→ **WHAT NEEDS TO BE DONE**
Only these lines are needed: the first line of the entries below through the line with "R \<longleftrightarrow> right_ideal", each returned exactly.

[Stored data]

* * * * *

(* Let $F$ be a field with $F=\mathbb Q$ or $F=\mathbb Z_p$ ($p$ prime), and let $A$ be a prime $F$-algebra generated as an $F$-algebra by two principally nilpotent elements $x,y$ such that $x+y$ is a minimal non-nilpotent element of $A$ and $xA+yA=\mathcal J(A)$ is the unique maximal right (and left) ideal of $A$. Then $A$ embeds (as a subring) into a countable prime von Neumann regular ring $R$ such that $J\cap A\neq 0$ for every non-zero ideal $J$ of $R$.
   Context: All rings are associative with unit; "ideal" means two-sided ideal. A ring $R$ is von Neumann regular (VNR) if for every $x\in R$ there is $y\in R$ with $x=xyx$. An element $a$ of a ring $A$ is principally nilpotent if every element of the right ideal $aA$ is nilpotent. An element $b$ of $A$ is minimal non-nilpotent if $b$ is not nilpotent and for every non-zero ideal $J$ of $A$ there is $n$ with $b^n\in J$. $\mathcal J(A)$ is the Jacobson radical. *)

theory Defs
  imports "HOL-Algebra.Algebra"
begin

definition rat_ring :: "rat ring" where
  "rat_ring = \<lparr>carrier = UNIV, monoid.mult = (*), one = 1, ring.zero = 0, add = (+)\<rparr>"

definition right_ideal :: "'a set \<Rightarrow> ('a, 'b) ring_scheme \<Rightarrow> bool" where
  "right_ideal I R \<longleftrightarrow> additive_subgroup I R \<and>
     (\<forall>a\<in>I. \<forall>r\<in>carrier R. a \<otimes>\<^bsub>R\<^esub> r \<in> I)"

definition left_ideal :: "'a set \<Rightarrow> ('a, 'b) ring_scheme \<Rightarrow> bool" where
  "left_ideal I R \<longleftrightarrow> additive_subgroup I R \<and>
     (\<forall>a\<in>I. \<forall>r\<in>carrier R. r \<otimes>\<^bsub>R\<^esub> a \<in> I)"

definition maximal_right_ideal :: "'a set \<Rightarrow> ('a, 'b) ring_scheme \<Rightarrow> bool" where
  "maximal_right_ideal I R \<longleftrightarrow> right_ideal I R \<and> I \<noteq> carrier R \<and>
     (\<forall>K. right_ideal K R \<and> I \<subseteq> K \<and> K \<noteq> carrier R \<longrightarrow> K = I)"

definition maximal_left_ideal :: "'a set \<Rightarrow> ('a, 'b) ring_scheme \<Rightarrow> bool" where
  "maximal_left_ideal I R \<longleftrightarrow> left_ideal I R \<and> I \<noteq> carrier R \<and>
     (\<forall>K. left_ideal K R \<and> I \<subseteq> K \<and> K \<noteq> carrier R \<longrightarrow> K = I)"

definition jacobson_radical :: "('a, 'b) ring_scheme \<Rightarrow> 'a set" where
  "jacobson_radical R = carrier R \<inter> \<Inter> {I. maximal_right_ideal I R}"

definition nilpotent_elem :: "('a, 'b) ring_scheme \<Rightarrow> 'a \<Rightarrow> bool" where
  "nilpotent_elem R a \<longleftrightarrow> (\<exists>n::nat. a [^]\<^bsub>R\<^esub> n = \<zero>\<^bsub>R\<^esub>)"

definition principally_nilpotent :: "('a, 'b) ring_scheme \<Rightarrow> 'a \<Rightarrow> bool" where
  "principally_nilpotent R a \<longleftrightarrow> (\<forall>r\<in>carrier R. nilpotent_elem R (a \<otimes>\<^bsub>R\<^esub> r))"

definition minimal_non_nilpotent :: "('a, 'b) ring_scheme \<Rightarrow> 'a \<Rightarrow> bool" where
  "minimal_non_nilpotent R b \<longleftrightarrow> \<not> nilpotent_elem R b \<and>
     (\<forall>J. ideal J R \<and> J \<noteq> {\<zero>\<^bsub>R\<^esub>} \<longrightarrow> (\<exists>n::nat. b [^]\<^bsub>R\<^esub> n \<in> J))"

definition prime_ring :: "('a, 'b) ring_scheme \<Rightarrow> bool" where
  "prime_ring R \<longleftrightarrow> ring R \<and> \<one>\<^bsub>R\<^esub> \<noteq> \<zero>\<^bsub>R\<^esub> \<and>
     (\<forall>a\<in>carrier R. \<forall>b\<in>carrier R.
        (\<forall>r\<in>carrier R. a \<otimes>\<^bsub>R\<^esub> r \<otimes>\<^bsub>R\<^esub> b = \<zero>\<^bsub>R\<^esub>) \<longrightarrow> a = \<zero>\<^bsub>R\<^esub> \<or> b = \<zero>\<^bsub>R\<^esub>)"

definition von_neumann_regular :: "('a, 'b) ring_scheme \<Rightarrow> bool" where
  "von_neumann_regular R \<longleftrightarrow> ring R \<and>
     (\<forall>x\<in>carrier R. \<exists>y\<in>carrier R. x = x \<otimes>\<^bsub>R\<^esub> y \<otimes>\<^bsub>R\<^esub> x)"

definition algebra_via :: "('f, 'c) ring_scheme \<Rightarrow> ('a, 'b) ring_scheme \<Rightarrow> ('f \<Rightarrow> 'a) \<Rightarrow> bool" where
  "algebra_via F A phi \<longleftrightarrow> field F \<and> ring A \<and> phi \<in> ring_hom F A \<and>
     (\<forall>c\<in>carrier F. \<forall>a\<in>carrier A. phi c \<otimes>\<^bsub>A\<^esub> a = a \<otimes>\<^bsub>A\<^esub> phi c)"

end

theory Submission
  imports Defs
begin

(*
  A is countable, being generated by two elements over a countable field.  Left multiplication
  embeds A into End_F(A), which is von Neumann regular because every subspace has a complement
  (Zorn).  Closing the image of A under the ring operations and a fixed choice of quasi-inverses
  yields a countable regular subring T.  Let M be an ideal of T maximal with M \<inter> A = 0 (Zorn
  again).  Then every nonzero ideal of T/M meets the image of A, regularity passes to T/M, and
  T/M is prime: if a r b = 0 for all r with a, b \<noteq> 0, the left annihilator ideal of b contains a
  nonzero a' \<in> A, the right annihilator ideal of a' contains a nonzero b' \<in> A, and a' A b' = 0
  contradicts primeness of A.
*)

section \<open>Countable closures\<close>

definition ring_closure_step :: "('a, 'b) ring_scheme \<Rightarrow> ('a \<Rightarrow> 'a) \<Rightarrow> 'a set \<Rightarrow> 'a set" where
  "ring_closure_step R q Y = insert \<one>\<^bsub>R\<^esub> (Y \<union> q ` Y \<union> a_inv R ` Y
     \<union> (\<lambda>(a, b). a \<oplus>\<^bsub>R\<^esub> b) ` (Y \<times> Y) \<union> (\<lambda>(a, b). a \<otimes>\<^bsub>R\<^esub> b) ` (Y \<times> Y))"

lemma ring_closure_stepI:
  fixes R (structure)
  shows "\<one> \<in> ring_closure_step R q Y" "a \<in> Y \<Longrightarrow> a \<in> ring_closure_step R q Y"
    "a \<in> Y \<Longrightarrow> q a \<in> ring_closure_step R q Y" "a \<in> Y \<Longrightarrow> \<ominus> a \<in> ring_closure_step R q Y"
    "a \<in> Y \<Longrightarrow> b \<in> Y \<Longrightarrow> a \<oplus> b \<in> ring_closure_step R q Y"
    "a \<in> Y \<Longrightarrow> b \<in> Y \<Longrightarrow> a \<otimes> b \<in> ring_closure_step R q Y"
  unfolding ring_closure_step_def by (auto intro!: rev_image_eqI[of "(a, b)"])

primrec ring_closure_layer :: "('a, 'b) ring_scheme \<Rightarrow> ('a \<Rightarrow> 'a) \<Rightarrow> 'a set \<Rightarrow> nat \<Rightarrow> 'a set" where
  "ring_closure_layer R q S 0 = S"
| "ring_closure_layer R q S (Suc n) = ring_closure_step R q (ring_closure_layer R q S n)"

lemma ring_closure_layer_mono: "m \<le> n \<Longrightarrow> ring_closure_layer R q S m \<subseteq> ring_closure_layer R q S n"
  by (induction n) (auto simp: le_Suc_eq intro: ring_closure_stepI(2))

text \<open>S closed under \<one>, \<oplus>, \<otimes>, \<ominus> and q in countably many rounds.  With q = id it contains
  generate_ring; with q a choice of quasi-inverses it is a von Neumann regular subring.\<close>

definition ring_closure_with :: "('a, 'b) ring_scheme \<Rightarrow> ('a \<Rightarrow> 'a) \<Rightarrow> 'a set \<Rightarrow> 'a set" where
  "ring_closure_with R q S = (\<Union>n. ring_closure_layer R q S n)"

lemma countable_ring_closure_with:
  assumes "countable S" shows "countable (ring_closure_with R q S)"
proof -
  have "countable (ring_closure_layer R q S n)" for n
    by (induction n) (simp_all add: assms ring_closure_step_def)
  then show ?thesis unfolding ring_closure_with_def by (intro countable_UN) auto
qed

lemma ring_closure_with_closed:
  fixes R (structure) and q :: "'a \<Rightarrow> 'a" and S :: "'a set"
  defines "C \<equiv> ring_closure_with R q S"
  shows "S \<subseteq> C" "\<one> \<in> C" "a \<in> C \<Longrightarrow> q a \<in> C" "a \<in> C \<Longrightarrow> \<ominus> a \<in> C"
    and "a \<in> C \<Longrightarrow> b \<in> C \<Longrightarrow> a \<oplus> b \<in> C" "a \<in> C \<Longrightarrow> b \<in> C \<Longrightarrow> a \<otimes> b \<in> C"
proof -
  have layer: "ring_closure_layer R q S n \<subseteq> C" for n
    unfolding C_def ring_closure_with_def by blast
  have common: "\<exists>n. a \<in> ring_closure_layer R q S n \<and> b \<in> ring_closure_layer R q S n"
    if ab: "a \<in> C" "b \<in> C" for a b
  proof -
    obtain m n where "a \<in> ring_closure_layer R q S m" "b \<in> ring_closure_layer R q S n"
      using ab unfolding C_def ring_closure_with_def by blast
    then show ?thesis
      using ring_closure_layer_mono[of _ "max m n"] by (meson max.cobounded1 max.cobounded2 subsetD)
  qed
  show "S \<subseteq> C" using layer[of 0] by simp
  show "\<one> \<in> C" by (rule subsetD[OF layer[of "Suc 0"]]) (simp add: ring_closure_stepI)
  show "q a \<in> C" "\<ominus> a \<in> C" if a: "a \<in> C" for a
  proof -
    obtain n where n: "a \<in> ring_closure_layer R q S n" using common[OF a a] by blast
    show "q a \<in> C" "\<ominus> a \<in> C"
      by (rule subsetD[OF layer[of "Suc n"]], simp add: ring_closure_stepI n)+
  qed
  show "a \<oplus> b \<in> C" "a \<otimes> b \<in> C" if ab: "a \<in> C" "b \<in> C" for a b
  proof -
    obtain n where n: "a \<in> ring_closure_layer R q S n" "b \<in> ring_closure_layer R q S n"
      using common[OF ab] by blast
    show "a \<oplus> b \<in> C" "a \<otimes> b \<in> C"
      by (rule subsetD[OF layer[of "Suc n"]], simp add: ring_closure_stepI n)+
  qed
qed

* * * * *

→ **ANSWER TO THIS EXERCISE**
(* Let $F$ be a field with $F=\mathbb Q$ or $F=\mathbb Z_p$ ($p$ prime), and let $A$ be a prime $F$-algebra generated as an $F$-algebra by two principally nilpotent elements $x,y$ such that $x+y$ is a minimal non-nilpotent element of $A$ and $xA+yA=\mathcal J(A)$ is the unique maximal right (and left) ideal of $A$. Then $A$ embeds (as a subring) into a countable prime von Neumann regular ring $R$ such that $J\cap A\neq 0$ for every non-zero ideal $J$ of $R$.
   Context: All rings are associative with unit; "ideal" means two-sided ideal. A ring $R$ is von Neumann regular (VNR) if for every $x\in R$ there is $y\in R$ with $x=xyx$. An element $a$ of a ring $A$ is principally nilpotent if every element of the right ideal $aA$ is nilpotent. An element $b$ of $A$ is minimal non-nilpotent if $b$ is not nilpotent and for every non-zero ideal $J$ of $A$ there is $n$ with $b^n\in J$. $\mathcal J(A)$ is the Jacobson radical. *)

theory Defs
  imports "HOL-Algebra.Algebra"
begin

definition rat_ring :: "rat ring" where
  "rat_ring = \<lparr>carrier = UNIV, monoid.mult = (*), one = 1, ring.zero = 0, add = (+)\<rparr>"

definition right_ideal :: "'a set \<Rightarrow> ('a, 'b) ring_scheme \<Rightarrow> bool" where
  "right_ideal I R \<longleftrightarrow> additive_subgroup I R \<and>
     (\<forall>a\<in>I. \<forall>r\<in>carrier R. a \<otimes>\<^bsub>R\<^esub> r \<in> I)"

definition left_ideal :: "'a set \<Rightarrow> ('a, 'b) ring_scheme \<Rightarrow> bool" where
  "left_ideal I R \<longleftrightarrow> additive_subgroup I R \<and>
     (\<forall>a\<in>I. \<forall>r\<in>carrier R. r \<otimes>\<^bsub>R\<^esub> a \<in> I)"

definition maximal_right_ideal :: "'a set \<Rightarrow> ('a, 'b) ring_scheme \<Rightarrow> bool" where
  "maximal_right_ideal I R \<longleftrightarrow> right_ideal I R \<and> I \<noteq> carrier R \<and>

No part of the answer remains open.